Not being a true computer freak I have one, minor, quibble:
On Thu, 24 Feb 2005, Jeff Templon wrote:
> The idea is to make "name" the thing you really care about. I chose to go
> with Rod Walker's suggestion -- ELC for Enterprise Linux Compatible.
We have PCs with ~4GHz 64bit multicore CPUs with heatsinks that can hold a
burger.
Could we not just go _with_ "EnterpriseLinuxCompatible"?
[though I don't think it's as bad as "SL" - is that Scientific? or SuSE?]
> Let's face it: if we can't get a program to run the same on
> RHEL,SL,SLC,and CentOS, we are really screwed because these are supposed
> to be the same OS just recompiled by different people. [ Note I said
> "supposed" ... one could guess that if we can't get programs to run on all
> four, then someone broke the supposition ].
If it doesn't run on RHEL and x, then x is NOT "EnterpriseLinuxCompatible"
by definition and so should be a different OS name anyway, so we're not
that screwed. Except you do need an RHEL installation somewhere as a
reference!
On the subject of "how much should we reveal" I don't think we should be
too shy. Ahem. These descriptions apply to the Worker Nodes; my view is
that we should be going towards having the WNs totally sandboxed off from
the rest of the world with all interactions going through the local
service nodes... yet only monitoring (via R-GMA) is close - everything
else seems to be heading the other way. And I'm still worried that if the
wrong incident occurs, a knee-jerk reaction on-high might see the current
setup as a huge DDoS system and impose a solution we might not like.

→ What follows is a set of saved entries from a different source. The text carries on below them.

lemma open_line_nbhd:
  fixes G :: "(nat \<Rightarrow> real) set"
  assumes "open G" "x \<in> G"
  shows "\<exists>e>0. \<forall>t. \<bar>t\<bar> < e \<longrightarrow> x + fscale t y \<in> G"
proof -
  have "continuous_on UNIV (\<lambda>t::real. x + fscale t y)"
    by (intro continuous_on_coordinatewise_then_product) (simp add: continuous_intros)
  then have "open ((\<lambda>t::real. x + fscale t y) -` G)"
    using continuous_on_open_vimage[of UNIV] assms(1) by auto
  moreover have "0 \<in> (\<lambda>t::real. x + fscale t y) -` G"
    using assms(2) by simp
  ultimately obtain e where "e > 0" "ball 0 e \<subseteq> (\<lambda>t::real. x + fscale t y) -` G"
    by (meson openE)
  then show ?thesis
    by (auto simp: subset_iff dist_real_def)
qed

lemma openin_htop: "openin (htop n) U \<longleftrightarrow> (\<exists>G. open G \<and> U = En n \<inter> G)"
  by (simp add: htop_def openin_open)

lemma closedin_htop: "closedin (htop n) U \<longleftrightarrow> (\<exists>G. closed G \<and> U = En n \<inter> G)"
  by (simp add: htop_def closedin_closed)

subsection \<open>Simplicial cones of a pair of dual bases\<close>

definition sign_coherent :: "nat \<Rightarrow> (nat \<Rightarrow> nat \<Rightarrow> real) \<Rightarrow> (nat \<Rightarrow> real) \<Rightarrow> bool" where
  "sign_coherent n v w \<longleftrightarrow> (\<forall>i<n. 0 \<le> ev n w (v i)) \<or> (\<forall>i<n. ev n w (v i) \<le> 0)"

locale dual_bases =
  fixes n :: nat and a v :: "nat \<Rightarrow> nat \<Rightarrow> real"
  assumes v_in_En: "\<And>i. i < n \<Longrightarrow> v i \<in> En n"
    and ev_dual: "\<And>i j. i < n \<Longrightarrow> j < n \<Longrightarrow> ev n (a i) (v j) = (if i = j then 1 else 0)"
    and coord_expansion: "\<And>x k. x \<in> En n \<Longrightarrow> x k = (\<Sum>i<n. ev n (a i) x * v i k)"
begin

Since it shouldn't be possible to hit a WN directly from outside, the
information system then wouldn't be revealing anything a malicious user
wouldn't get from 'uname -a'. The service nodes themselves could be
running something else completely...
Thanks
Henry
--
Dr. Henry Nebrensky [log in to unmask]
http://people.brunel.ac.uk/~eesrjjn
"The opossum is a very sophisticated animal.
It doesn't even get up until 5 or 6 p.m."